Why Missoula Has “Frequent Fliers” Appearing in Court
If there is one topic that comes up more often than most when it comes to the criminal justice system, it is why the same names seem to be appearing in court accused of various crimes that are not being kept in jail.
We spoke to Missoula County Attorney's Office Chief Deputy County Attorney Matt Jennings when he did the weekly crime report on Friday about why certain individuals are arrested and released rather than being incarcerated.

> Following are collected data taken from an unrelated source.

(* Let $r\ge2$ and $n\ge2$. For $0<b<r^n$, the lattice point of the half-open parallelepiped of $\mathcal{B}_{(r,n)}$ indexed by $b$ lies in the open parallelepiped if and only if $r\nmid b$. Consequently \[ \ell^\ast(\mathcal{B}_{(r,n)};z)=h^\ast(\mathcal{B}_{(r,n)};z)-h^\ast(\mathcal{B}_{(r,n-1)};z). \]
   Context: For $r\ge2$, $n\ge1$, let $q^{(r,n)}:=((r-1),(r-1)r,\ldots,(r-1)r^{n-1})$ and $\mathcal{B}_{(r,n)}:=\operatorname{conv}\bigl(e^{(1)},\ldots,e^{(n)},-\sum_{i=1}^n(r-1)r^{i-1}e^{(i)}\bigr)\subset\mathbb{R}^n$ (the base-$r$ $n$-simplex; its normalized volume is $r^n$). Ordering its vertices as $v^{(0)}=-\sum_i (r-1)r^{i-1}e^{(i)}$, $v^{(i)}=e^{(i)}$, the lattice points of the half-open parallelepiped $\{\sum_{i=0}^n\lambda_i(v^{(i)},1):0\le\lambda_i<1\}$ are in bijection with $0\le b<r^n$ via $\lambda_0=b/r^n$. For a lattice simplex $\Delta=\operatorname{conv}(v^{(0)},\ldots,v^{(d)})$, $\ell^\ast(\Delta;z):=\sum_{x\in\Pi^\circ_\Delta\cap\mathbb{Z}^{n+1}}z^{x_{n+1}}$ with $\Pi^\circ_\Delta:=\{\sum\lambda_i(v^{(i)},1):0<\lambda_i<1\}$, and $h^\ast(P;z)$ is the numerator of the Ehrhart series $\sum_{t\ge0}|tP\cap\mathbb{Z}^n|z^t=h^\ast(P;z)/(1-z)^{\dim P+1}$. *)

theory Defs
  imports Complex_Main "HOL-Computational_Algebra.Formal_Power_Series"
begin

(* Points of R^m are represented as functions nat => real, coordinate j (0-based)
   for j < m, all other coordinates 0.  A lattice simplex with d+1 vertices in R^n
   is given by V :: nat => (nat => real), vertices V 0, ..., V d. *)

(* Vertices of the base-r n-simplex B_(r,n):
   vertex 0 = - sum_i (r-1) r^(i-1) e^(i), vertex i = e^(i) (1 <= i <= n);
   e^(i) has its 1 in (0-based) coordinate i-1. *)
definition base_vert :: "nat \<Rightarrow> nat \<Rightarrow> nat \<Rightarrow> nat \<Rightarrow> real" where
  "base_vert r n i j =
     (if i = 0 then (if j < n then - ((real r - 1) * real r ^ j) else 0)
      else (if i \<le> n \<and> j = i - 1 then 1 else 0))"

(* (v,1) in R^(n+1): the extra coordinate is coordinate n *)
definition lift_pt :: "nat \<Rightarrow> (nat \<Rightarrow> real) \<Rightarrow> nat \<Rightarrow> real" where
  "lift_pt n v = v(n := 1)"

definition par_point :: "nat \<Rightarrow> nat \<Rightarrow> (nat \<Rightarrow> nat \<Rightarrow> real) \<Rightarrow> (nat \<Rightarrow> real) \<Rightarrow> nat \<Rightarrow> real" where
  "par_point n d V lam = (\<lambda>j. \<Sum>i\<le>d. lam i * lift_pt n (V i) j)"

definition is_lattice_pt :: "(nat \<Rightarrow> real) \<Rightarrow> bool" where
  "is_lattice_pt x \<longleftrightarrow> (\<forall>j. x j \<in> \<int>)"

definition open_par :: "nat \<Rightarrow> nat \<Rightarrow> (nat \<Rightarrow> nat \<Rightarrow> real) \<Rightarrow> (nat \<Rightarrow> real) set" where
  "open_par n d V = {par_point n d V lam | lam. \<forall>i\<le>d. 0 < lam i \<and> lam i < 1}"

definition lstar :: "nat \<Rightarrow> nat \<Rightarrow> (nat \<Rightarrow> nat \<Rightarrow> real) \<Rightarrow> int fps" where
  "lstar n d V = Abs_fps (\<lambda>k. int (card {x \<in> open_par n d V. is_lattice_pt x \<and> x n = real k}))"

definition ehrhart_count :: "nat \<Rightarrow> nat \<Rightarrow> (nat \<Rightarrow> nat \<Rightarrow> real) \<Rightarrow> nat \<Rightarrow> nat" where
  "ehrhart_count n d V t = card {x :: nat \<Rightarrow> int. (\<forall>j\<ge>n. x j = 0) \<and>
      (\<exists>mu :: nat \<Rightarrow> real. (\<forall>i\<le>d. 0 \<le> mu i) \<and> (\<Sum>i\<le>d. mu i) = real t \<and>
          (\<forall>j<n. real_of_int (x j) = (\<Sum>i\<le>d. mu i * V i j)))}"

(* h^*-polynomial of a d-dimensional lattice simplex conv(V 0..V d) (dim P = d):
   the numerator  (sum_t |tP \<inter> Z^n| z^t) * (1 - z)^(d+1), as a formal power series *)
definition h_star :: "nat \<Rightarrow> nat \<Rightarrow> (nat \<Rightarrow> nat \<Rightarrow> real) \<Rightarrow> int fps" where
  "h_star n d V = Abs_fps (\<lambda>t. int (ehrhart_count n d V t)) * (1 - fps_X) ^ (d + 1)"

definition base_hp_points :: "nat \<Rightarrow> nat \<Rightarrow> nat \<Rightarrow> (nat \<Rightarrow> real) set" where
  "base_hp_points r n b = {y. is_lattice_pt y \<and>
     (\<exists>lam. lam 0 = real b / real r ^ n \<and> (\<forall>i\<le>n. 0 \<le> lam i \<and> lam i < 1) \<and>
            y = par_point n n (base_vert r n) lam)}"

end

theory Submission
  imports Defs
begin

“I wish it was more unusual than it is,” began Jennings. “We have a lot of people in this community that commit crimes again and again and again. In fact, what we see is that there are really several hundred people in this community that are responsible for a vast majority of the crime. Most people are good and they're going about their lives, being respectful of others, and not really breaking the law. However, we get the same people, and we call them frequent fliers or repeat offenders, and we do our best to make recommendations to the judges on what we think should be imposed as far as bail or conditions of release or whether they should be monitored. But ultimately, it's always up to the judges on whether they hold somebody in jail or being released.”

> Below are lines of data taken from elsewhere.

lemma Lwc_set_sums:
  fixes A B :: "'a::banach_lattice set"
  assumes A: "Lwc_set A" and B: "Lwc_set B"
  shows "Lwc_set {a + b | a b. a \<in> A \<and> b \<in> B}"
  unfolding Lwc_set_def
proof (intro allI impI)
  fix y
  assume y: "disjoint_seq y \<and> (\<forall>n. y n \<in> sol {a + b | a b. a \<in> A \<and> b \<in> B})"
  have "\<forall>n. \<exists>a b. a \<in> A \<and> b \<in> B \<and> labs (y n) \<le> labs (a + b)"
    using y by (fastforce simp: mem_sol_iff)
  then obtain a b where ab: "\<And>n. a n \<in> A" "\<And>n. b n \<in> B"
    and "\<And>n. labs (y n) \<le> labs (a n + b n)"
    by metis
  then have "labs (y n) \<le> labs (a n) + labs (b n)" for n
    using labs_triangle_ineq order_trans by blast
  then obtain z w :: "nat \<Rightarrow> 'a" where "z \<longlonglongrightarrow> 0" "disjoint_seq w"
    and w_le: "\<And>n. labs (w n) \<le> labs (b n)"
    and y_le: "\<And>n. norm (y n) \<le> norm (z n) + norm (w n)"
    by (rule Lwc_set_disjoint_split[OF A ab(1) conjunct1[OF y]]) blast
  moreover have "w \<longlonglongrightarrow> 0"
    using B \<open>disjoint_seq w\<close> w_le ab(2) by (auto simp: Lwc_set_def mem_sol_iff)
  ultimately have "(\<lambda>n. norm (z n) + norm (w n)) \<longlonglongrightarrow> 0"
    by (intro tendsto_add_zero tendsto_norm_zero)
  then show "y \<longlonglongrightarrow> 0"
    by (rule Lim_null_comparison[rotated]) (simp add: y_le)
qed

Jennings attempted to explain why these individuals come before Missoula judges more often than others.
“Some of these folks need to be in jail, and that's just the truth because our community needs to be safe,” he said. “That being said, there's a lot of competing interests, things that are being balanced. A lot of the people that are getting picked up for minor offenses again and again and again, are often struggling with homelessness or mental health, and those are things we can simultaneously sympathize with their struggles, but on the other hand, we do need to make sure the community is safe.”
Jennings proposed a possible solution to the problem of such repeat offenders, or ‘frequent fliers’.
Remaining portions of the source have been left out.